▼

(* The following hold. 1. Let $C>1$, $k\in\mathbb{N}\setminus\{1\}$ and $p=p(n)\geq Cn^{-2/k}$. If $k'\leq k$ and $F_1:=K_{k'}$, then $\Phi_{F_1}\geq Cn$. 2. Let $C>1$, $k\in\mathbb{N}\setminus\{1\}$ and $p=p(n)\geq Cn^{-2/k}$. Let $3\leq k'\leq k$, let $F_2:=K_{k'}^-$ be the complete graph on $k'$ vertices with one edge removed, and let $w\in V(F_2)$ be one of the endpoints of the removed edge. Then $\Phi_{F_2}\geq Cn$ and $\Phi_{F_2,w}\geq\min\{Cn^{1-\frac{2}{k}},Cn^{\frac{2}{k}}\}\geq Cn^{\frac{1}{k}}$. 3. Let $F_3,F_4$ be graphs with vertex subsets $W_3\subseteq V(F_3)$, $W_4\subseteq V(F_4)$ (each spanning no edges), let $\Phi_3:=\Phi_{F_3,W_3}$ and $\Phi_4:=\Phi_{F_4,W_4}$, and suppose $\Phi_3,\Phi_4\geq1$. Let $F_5$ be the union of $F_3$ and $F_4$ meeting in exactly one vertex $x\in(V(F_3)\setminus W_3)\cap(V(F_4)\setminus W_4)$, and let $F_6$ be the disjoint union of $F_3$ and $F_4$. With $W_5:=W_3\sqcup W_4$, we have $\Phi_{F_5,W_5}\geq\min\{\Phi_3,\Phi_4,\Phi_3\Phi_4n^{-1}\}$ and $\Phi_{F_6,W_5}=\min\{\Phi_3,\Phi_4\}$.
   Context: For a graph $H$ write $v_H,e_H$ for its numbers of vertices and edges. For a graph $F$, an integer $n$, a probability $p$ and a set $W\subseteq V(F)$ spanning no edges of $F$, define $\Phi_{F,W}=\Phi_{F,W}(n,p):=\min\{n^{v_H-v_{H[W]}}p^{e_H}: H\subseteq F,\ e_H>0\}$, where $v_{H[W]}=|V(H)\cap W|$; and $\Phi_F:=\Phi_{F,\emptyset}=\min\{n^{v_H}p^{e_H}:H\subseteq F, e_H>0\}$. For a single vertex $w$ write $\Phi_{F,w}:=\Phi_{F,\{w\}}$. *)

theory Defs
  imports Complex_Main "HOL-Library.Extended_Real"
begin

type_synonym 'a graph = "'a set \<times> 'a set set"
(* Let $d$ be a positive integer and let $A \in \mathbb{R}^{[m]\times[n]}$. Suppose that for every vector $b\in\mathbb{R}^{[m]}$ the solution graph $G(R(A,b))$ is connected. If $m\le 3$ or $n\le 2$, then $A$ has an elimination ordering.
   Context: Fix a positive integer $d$ and let $D=\{0,1,\dots,d\}$; $[n]=\{1,\dots,n\}$. For $A\in\mathbb{R}^{[m]\times[n]}$ and $b\in\mathbb{R}^{[m]}$, $R(A,b)=\{x\in D^{[n]} : Ax\ge b\}$. For $R\subseteq D^{[n]}$, the solution graph $G(R)$ is the undirected graph with vertex set $R$ in which $x,y$ are adjacent iff they differ in exactly one coordinate. A matrix $A=(a_{ij})$ with column index set $J$ can be eliminated at column $j\in J$ if (i) for every row $i$ with $a_{ij}>0$ we have $a_{ij'}=0$ for all $j'\in J\setminus\{j\}$, or (ii) for every row $i$ with $a_{ij}<0$ we have $a_{ij'}=0$ for all $j'\in J\setminus\{j\}$. For $J'\subseteq[n]$, $\mathrm{elm}(A,J')$ is the submatrix of $A$ obtained by deleting the columns indexed by $J'$. A sequence $(j_1,\dots,j_n)$ of the elements of $[n]$ is an elimination ordering (EO) of $A$ if for every $t\in[n]$ the matrix $\mathrm{elm}(A,\{j_1,\dots,j_{t-1}\})$ can be eliminated at column $j_t$. *)

theory Defs
  imports Complex_Main
begin

text \<open>Index sets are [m] = {1..m}, [n] = {1..n}. A matrix A in R^([m]x[n]) is a function
  A :: nat => nat => real, of which only the entries A i j with i in [m], j in [n] matter.
  Points of D^[n] are functions x :: nat => int with x j in {0..d} for j in [n] and
  x j = 0 (a canonical default) for j outside [n].\<close>

definition box :: "nat \<Rightarrow> nat \<Rightarrow> (nat \<Rightarrow> int) set" where
  "box d n = {x. (\<forall>j\<in>{1..n}. x j \<in> {0..int d}) \<and> (\<forall>j. j \<notin> {1..n} \<longrightarrow> x j = 0)}"
lemma LEL_MAssign_gen: "LEL \<phi> \<Longrightarrow> LEL (MAssign xs as \<phi>)"
proof (induction xs arbitrary: as)
  case (Cons x xs)
  then show ?case by (cases as) (auto intro: L_gen)
qed simp

lemma LEL_MAssign_dist:
  assumes "wf A" "wf B"
  shows "LEL (Imp (MAssign xs as (Imp A B)) (Imp (MAssign xs as A) (MAssign xs as B)))"
proof (induction xs arbitrary: as)
  case Nil
  show ?case using assms by (intro LEL_taut) (auto simp: taut_def Imp_def)
next
  case (Cons x xs)
  show ?case
  proof (cases as)
    case Nil
    then show ?thesis using assms by (intro LEL_taut) (auto simp: taut_def Imp_def)
  next
    case (Cons b bs)
    have "LEL (Imp (Assign x b (MAssign xs bs (Imp A B)))
                   (Assign x b (Imp (MAssign xs bs A) (MAssign xs bs B))))"
      using Cons.IH by (rule LEL_Assign_mono)
    moreover have "LEL (Imp (Assign x b (Imp (MAssign xs bs A) (MAssign xs bs B)))
                   (Imp (Assign x b (MAssign xs bs A)) (Assign x b (MAssign xs bs B))))"
      using assms by (intro L_ax A_Adist) (auto simp: Imp_def)
    ultimately show ?thesis using Cons LEL_imp_trans by simp
  qed
qed

lemma LEL_MAssign_imp:
  assumes "LEL (MAssign xs as (Imp A B))"
  shows "LEL (Imp (MAssign xs as A) (MAssign xs as B))"
proof -
  have "wf A" "wf B" using LEL_wf[OF assms] by (auto simp: Imp_def)
  with assms show ?thesis using LEL_MAssign_dist L_mp by blast
qed

lemma LEL_MAssign_taut_mp2:
  assumes "LEL (MAssign xs as P)" "LEL (MAssign xs as Q)" "taut (Imp P (Imp Q R))" "wf R"
  shows "LEL (MAssign xs as R)"
proof -
  have "wf P" "wf Q" using assms(1,2) by (auto dest: LEL_wf)
  then have "LEL (MAssign xs as (Imp P (Imp Q R)))"
    using assms(3,4) by (intro LEL_MAssign_gen LEL_taut) (auto simp: Imp_def)
  then show ?thesis using assms(1,2) LEL_MAssign_imp L_mp by blast
qed

lemma LEL_MAssign_vacuous:
  assumes "set xs \<inter> FV \<theta> = {}" "wf \<theta>"
  shows "LEL (Imp \<theta> (MAssign xs as \<theta>))"
  using assms(1)
proof (induction xs arbitrary: as)
  case Nil
  show ?case using assms(2) by (intro LEL_taut) (auto simp: taut_def Imp_def)
next
  case (Cons x xs)
  show ?case
  proof (cases as)
    case Nil
    then show ?thesis using assms(2) by (intro LEL_taut) (auto simp: taut_def Imp_def)
  next
    case (Cons b bs)
    have "LEL (Imp \<theta> (Assign x b \<theta>))"
      using Cons.prems assms(2) by (intro L_ax A_vac) (auto simp: Imp_def)
    moreover have "LEL (Imp (Assign x b \<theta>) (Assign x b (MAssign xs bs \<theta>)))"
      using Cons.IH Cons.prems by (intro LEL_Assign_mono) auto
    ultimately show ?thesis using Cons LEL_imp_trans by simp
  qed
qed

text \<open>Iterates the instance \<open>[x:=a]([x:=a]\<rho> \<rightarrow> \<rho>)\<close> of the substitution axiom; that
  formula has no free variables among the remaining \<open>xs\<close>, so by vacuity it also holds
  under their assignment.\<close>

lemma LEL_MAssign_absorb:
  assumes "length xs = length as" "wf \<psi>"
  shows "LEL (MAssign xs as (Imp (MAssign xs as \<psi>) \<psi>))"
  using assms
proof (induction xs arbitrary: as)
  case Nil
  then show ?case by (intro LEL_taut) (auto simp: taut_def Imp_def)
next
  case (Cons x xs)
  then obtain b bs where as: "as = b # bs" "length xs = length bs" by (cases as) auto
  define \<rho> where "\<rho> = MAssign xs bs \<psi>"
  define \<theta> where "\<theta> = Imp (Assign x b \<rho>) \<rho>"
  have wf: "wf \<rho>" "wf \<theta>" using Cons.prems by (auto simp: \<rho>_def \<theta>_def Imp_def)
  have "LEL (Assign x b \<theta>)"
    using A_subst[of x x \<rho> b] wf by (intro L_ax) (auto simp: \<theta>_def Imp_def)
  moreover have "FV \<theta> = FV \<psi> - set xs"
    using FV_MAssign[OF as(2)] by (auto simp: \<theta>_def \<rho>_def Imp_def)
  then have "LEL (Imp (Assign x b \<theta>) (Assign x b (MAssign xs bs \<theta>)))"
    using wf by (intro LEL_Assign_mono LEL_MAssign_vacuous) auto
  ultimately have \<theta>: "LEL (MAssign (x # xs) as \<theta>)" using as L_mp by auto
  have "LEL (MAssign (x # xs) as (Imp \<rho> \<psi>))"
    using Cons.IH[OF as(2) Cons.prems(2)] as by (auto simp: \<rho>_def intro: L_gen)
  from LEL_MAssign_taut_mp2[OF \<theta> this] show ?case
    using as Cons.prems(2) by (auto simp: \<rho>_def \<theta>_def taut_def Imp_def)
qed

lemma LEL_MAssign_Know_elim:
  assumes "length xs = length as" "wf \<psi>" "FV \<psi> \<subseteq> set xs" "finite X"
  shows "LEL (MAssign xs as (Imp (Know X (MAssign xs as \<psi>)) \<psi>))"
proof -
  have closed: "FV (MAssign xs as \<psi>) = {}"
    using assms(3) by (auto simp: FV_MAssign[OF assms(1)])
  then have "LEL (Imp (Know X (MAssign xs as \<psi>)) (MAssign xs as \<psi>))"
    using assms(2,4) by (intro L_ax A_T) (auto simp: Imp_def)
  then have "LEL (MAssign xs as (Imp (Know X (MAssign xs as \<psi>)) (MAssign xs as \<psi>)))"
    by (rule LEL_MAssign_gen)
  with LEL_MAssign_absorb[OF assms(1,2)] show ?thesis
    by (rule LEL_MAssign_taut_mp2) (auto simp: taut_def Imp_def assms(2,4) closed)
qed

lemma LEL_MAssign_introspection_transfer:
  assumes len: "length xs = length as" and "sentence \<beta>" "wf \<theta>" "FV \<theta> \<subseteq> set xs"
    and equiv: "LEL (MAssign xs as (Iff \<theta> (Neg (Know (set xs) \<beta>))))"
  shows "LEL (MAssign xs as (Imp \<theta> (Know (set xs) (MAssign xs as \<theta>))))"
proof -
  let ?M = "MAssign xs as" and ?X = "set xs"
  let ?N = "Neg (Know ?X \<beta>)"
  have \<beta>: "wf \<beta>" "FV \<beta> = {}" using assms(2) by (auto simp: sentence_def)
  have closed: "FV (?M ?N) = {}" "FV (?M \<theta>) = {}"
    using assms(4) by (auto simp: FV_MAssign[OF len])
  have neg: "LEL (?M (Imp ?N (Know ?X (?M ?N))))"
    using A_neg[OF len, of \<beta>] \<beta> closed by (intro L_ax) (auto simp: Imp_def)
  have "LEL (?M (Imp ?N \<theta>))"
    by (rule LEL_MAssign_taut_mp2[OF equiv equiv])
      (use assms(3) \<beta> in \<open>auto simp: taut_def Iff_def Imp_def\<close>)
  then have "LEL (Imp (Know ?X (?M ?N)) (Know ?X (?M \<theta>)))"
    using closed by (intro LEL_Know_mono LEL_MAssign_imp) auto
  then have "LEL (?M (Imp (Know ?X (?M ?N)) (Know ?X (?M \<theta>))))"
    by (rule LEL_MAssign_gen)
  with neg have "LEL (?M (Imp ?N (Know ?X (?M \<theta>))))"
    by (rule LEL_MAssign_taut_mp2)
      (use assms(3) \<beta> closed in \<open>auto simp: taut_def Imp_def\<close>)
  with equiv show ?thesis
    by (rule LEL_MAssign_taut_mp2)
      (use assms(3) closed in \<open>auto simp: taut_def Iff_def Imp_def\<close>)
qed

lemma LEL_positive_introspection:
  assumes "sentence \<alpha>" "length xs = length as"
  shows "LEL (MAssign xs as (Imp (Know (set xs) \<alpha>)
           (Know (set xs) (MAssign xs as (Know (set xs) \<alpha>)))))"
proof -
  let ?M = "MAssign xs as" and ?X = "set xs"
  let ?K = "Know ?X \<alpha>"
  have K: "wf ?K" "FV ?K \<subseteq> ?X" using assms(1) by (auto simp: sentence_def)
  have \<beta>: "sentence (?M (Neg ?K))" using K by (simp add: sentence_def FV_MAssign[OF assms(2)])
  have "LEL (?M (Imp (Neg ?K) (Know ?X (?M (Neg ?K)))))"
    using A_neg[OF assms(2), of \<alpha>] K \<beta> by (intro L_ax) (auto simp: sentence_def Imp_def)
  moreover have "LEL (?M (Imp (Know ?X (?M (Neg ?K))) (Neg ?K)))"
    using K by (intro LEL_MAssign_Know_elim assms(2)) auto
  ultimately have "LEL (?M (Iff ?K (Neg (Know ?X (?M (Neg ?K))))))"
    by (rule LEL_MAssign_taut_mp2)
      (use K \<beta> in \<open>auto simp: sentence_def taut_def Iff_def Imp_def\<close>)
  with assms(2) \<beta> K show ?thesis by (intro LEL_MAssign_introspection_transfer) auto
qed

lemma LEL_negated_atom_known:
  fixes a :: "'a::finite" and x :: 'v and p :: 'p
  shows "LEL (Assign x a (Imp (Neg (Pred p x)) (Know {x} (Assign x a (Neg (Pred p x))))))"
proof -
  let ?P = "Pred p x :: ('a, 'v, 'p) fm"
  have "LEL (Assign x a (Imp ?P (Know {x} (Assign x a ?P))))"
    by (intro L_ax A_pred) (auto simp: Imp_def)
  moreover have "LEL (Assign x a (Imp (Know {x} (Assign x a ?P)) ?P))"
    using LEL_MAssign_Know_elim[of "[x]" "[a]" ?P "{x}"] by simp
  ultimately have "LEL (Assign x a (Iff (Neg ?P) (Neg (Know {x} (Assign x a ?P)))))"
    by (rule LEL_MAssign_taut_mp2[of "[x]" "[a]", unfolded MAssign_Cons MAssign_Nil])
      (auto simp: taut_def Iff_def Imp_def)
  then show ?thesis
    using LEL_MAssign_introspection_transfer[of "[x]" "[a]" "Assign x a ?P" "Neg ?P"]
    by (simp add: sentence_def)
qed

theorem proposition5:
  fixes a :: "'a::finite" and x y :: "'v::countable" and p :: "'p::countable"
    and \<phi> \<alpha> :: "('a, 'v, 'p) fm" and xs :: "'v list" and as :: "'a list"
  shows "(wf \<phi> \<and> y \<notin> vars \<phi> \<longrightarrow> LEL (Iff (Assign x a \<phi>) (Assign y a (subst y x \<phi>))))
       \<and> (sentence \<alpha> \<and> length xs = length as \<longrightarrow>
            LEL (MAssign xs as (Imp (Know (set xs) \<alpha>)
                   (Know (set xs) (MAssign xs as (Know (set xs) \<alpha>))))))
       \<and> LEL (Assign x a (Imp (Neg (Pred p x)) (Know {x} (Assign x a (Neg (Pred p x))))))"
  by (intro conjI impI LEL_Assign_rename LEL_positive_introspection LEL_negated_atom_known) auto

end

▲

For every line of the records above that holds the word "thesis", count one, and state the total only.

10